> [Work required] Return all the entries. Match them word for word.

━━━ Source data

lemma finite_set_gossip_kernel: "2 \<le> n \<Longrightarrow> finite (set_pmf (gossip_kernel n lam_e lam B s))"
  unfolding gossip_kernel_eq set_bind_pmf by (auto simp: finite_set_gossip_step)

lemma expectation_gossip_step:
  fixes f :: "gstate \<Rightarrow> real"
  assumes "2 \<le> n"
  shows "measure_pmf.expectation (gossip_step n s) f =
     (case fst s of
        None \<Rightarrow> f s
      | Some j \<Rightarrow> (\<Sum>m\<in>{1..n}-{j}. f (gossip_upd j s m)) / card ({1..n}-{j}))"
  unfolding gossip_step_def using assms
  by (cases "fst s")
     (simp_all add: integral_pmf_of_set[OF atLeastAtMost_minus_singleton_nonempty] del: One_nat_def)

lemma expectation_gossip_kernel:
  fixes f :: "gstate \<Rightarrow> real"
  assumes n: "2 \<le> n" and rates: "0 \<le> lam_e" "0 \<le> lam" "0 \<le> B" "0 < lam_e + lam + B"
  shows "measure_pmf.expectation (gossip_kernel n lam_e lam B s) f =
    (lam_e * f (self_upd s) + lam / n * (\<Sum>m\<in>{1..n}. f (src_upd s m))
       + B * measure_pmf.expectation (gossip_step n s) f) / (lam_e + lam + B)"
proof -
  define R where "R = lam_e + lam + B"
  define src where "src = (\<Sum>m\<in>{1..n}. f (src_upd s m)) / n"
  define gos where "gos = measure_pmf.expectation (gossip_step n s) f"
  have src: "measure_pmf.expectation (pmf_of_set {1..n}) (\<lambda>m. f (src_upd s m)) = src"
    using n by (simp add: src_def integral_pmf_of_set del: One_nat_def)
  have p1: "0 \<le> lam_e / R" "lam_e / R \<le> 1" and p2: "0 \<le> lam / (lam + B)" "lam / (lam + B) \<le> 1"
    using rates by (auto simp: R_def divide_le_eq_1)
  have inner: "measure_pmf.expectation (bernoulli_pmf (lam / (lam + B)) \<bind>
      (\<lambda>b. if b then map_pmf (src_upd s) (pmf_of_set {1..n}) else gossip_step n s)) f =
      lam / (lam + B) * src + (1 - lam / (lam + B)) * gos"
    using n by (subst expectation_bernoulli_bind[OF p2])
      (simp_all add: finite_set_gossip_step src gos_def del: One_nat_def)
  have "measure_pmf.expectation (gossip_kernel n lam_e lam B s) f =
        lam_e / R * f (self_upd s)
        + (1 - lam_e / R) * (lam / (lam + B) * src + (1 - lam / (lam + B)) * gos)"
    unfolding gossip_kernel_eq R_def[symmetric] using n
    by (subst expectation_bernoulli_bind[OF p1])
       (simp_all add: inner set_bind_pmf finite_set_gossip_step)
  also have "\<dots> = (lam_e * f (self_upd s) + lam * src + B * gos) / R"
  proof (cases "lam + B = 0")
    case True
    then have "lam = 0" "B = 0" using rates by auto
    then show ?thesis using rates by (simp add: R_def)
  next
    case False
    have R: "0 < R" using rates by (simp add: R_def)
    have p: "1 - lam_e / R = (lam + B) / R" using R by (simp add: R_def field_simps)
    have q: "1 - lam / (lam + B) = B / (lam + B)" using False by (simp add: field_simps)
    have "(lam + B) / R * (lam / (lam + B) * src + B / (lam + B) * gos) =
          (lam + B) / R * ((lam * src + B * gos) / (lam + B))"
      by (simp add: add_divide_distrib)
    also have "\<dots> = (lam * src + B * gos) / R" using False by simp
    finally show ?thesis unfolding p q by (simp add: add_divide_distrib)
  qed
  finally show ?thesis by (simp add: R_def src_def gos_def)
qed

━━━━━━

> [Answer to the exercise]
lemma finite_set_gossip_kernel: "2 \<le> n \<Longrightarrow> finite (set_pmf (gossip_kernel n lam_e lam B s))"
  unfolding gossip_kernel_eq set_bind_pmf by (auto simp: finite_set_gossip_step)

lemma expectation_gossip_step:
  fixes f :: "gstate \<Rightarrow> real"
  assumes "2 \<le> n"
  shows "measure_pmf.expectation (gossip_step n s) f =
     (case fst s of
        None \<Rightarrow> f s
      | Some j \<Rightarrow> (\<Sum>m\<in>{1..n}-{j}. f (gossip_upd j s m)) / card ({1..n}-{j}))"
  unfolding gossip_step_def using assms
  by (cases "fst s")
     (simp_all add: integral_pmf_of_set[OF atLeastAtMost_minus_singleton_nonempty] del: One_nat_def)

lemma expectation_gossip_kernel:
  fixes f :: "gstate \<Rightarrow> real"
  assumes n: "2 \<le> n" and rates: "0 \<le> lam_e" "0 \<le> lam" "0 \<le> B" "0 < lam_e + lam + B"
  shows "measure_pmf.expectation (gossip_kernel n lam_e lam B s) f =
    (lam_e * f (self_upd s) + lam / n * (\<Sum>m\<in>{1..n}. f (src_upd s m))
       + B * measure_pmf.expectation (gossip_step n s) f) / (lam_e + lam + B)"
proof -
  define R where "R = lam_e + lam + B"
  define src where "src = (\<Sum>m\<in>{1..n}. f (src_upd s m)) / n"
  define gos where "gos = measure_pmf.expectation (gossip_step n s) f"
  have src: "measure_pmf.expectation (pmf_of_set {1..n}) (\<lambda>m. f (src_upd s m)) = src"
    using n by (simp add: src_def integral_pmf_of_set del: One_nat_def)
  have p1: "0 \<le> lam_e / R" "lam_e / R \<le> 1" and p2: "0 \<le> lam / (lam + B)" "lam / (lam + B) \<le> 1"
    using rates by (auto simp: R_def divide_le_eq_1)
  have inner: "measure_pmf.expectation (bernoulli_pmf (lam / (lam + B)) \<bind>
      (\<lambda>b. if b then map_pmf (src_upd s) (pmf_of_set {1..n}) else gossip_step n s)) f =
      lam / (lam + B) * src + (1 - lam / (lam + B)) * gos"
    using n by (subst expectation_bernoulli_bind[OF p2])
      (simp_all add: finite_set_gossip_step src gos_def del: One_nat_def)
  have "measure_pmf.expectation (gossip_kernel n lam_e lam B s) f =
        lam_e / R * f (self_upd s)
        + (1 - lam_e / R) * (lam / (lam + B) * src + (1 - lam / (lam + B)) * gos)"
    unfolding gossip_kernel_eq R_def[symmetric] using n
    by (subst expectation_bernoulli_bind[OF p1])
       (simp_all add: inner set_bind_pmf finite_set_gossip_step)
  also have "\<dots> = (lam_e * f (self_upd s) + lam * src + B * gos) / R"
  proof (cases "lam + B = 0")
    case True
    then have "lam = 0" "B = 0" using rates by auto
    then show ?thesis using rates by (simp add: R_def)
  next
    case False
    have R: "0 < R" using rates by (simp add: R_def)
    have p: "1 - lam_e / R = (lam + B) / R" using R by (simp add: R_def field_simps)
    have q: "1 - lam / (lam + B) = B / (lam + B)" using False by (simp add: field_simps)
    have "(lam + B) / R * (lam / (lam + B) * src + B / (lam + B) * gos) =
          (lam + B) / R * ((lam * src + B * gos) / (lam + B))"
      by (simp add: add_divide_distrib)
    also have "\<dots> = (lam * src + B * gos) / R" using False by simp
    finally show ?thesis unfolding p q by (simp add: add_divide_distrib)
  qed
  finally show ?thesis by (simp add: R_def src_def gos_def)
qed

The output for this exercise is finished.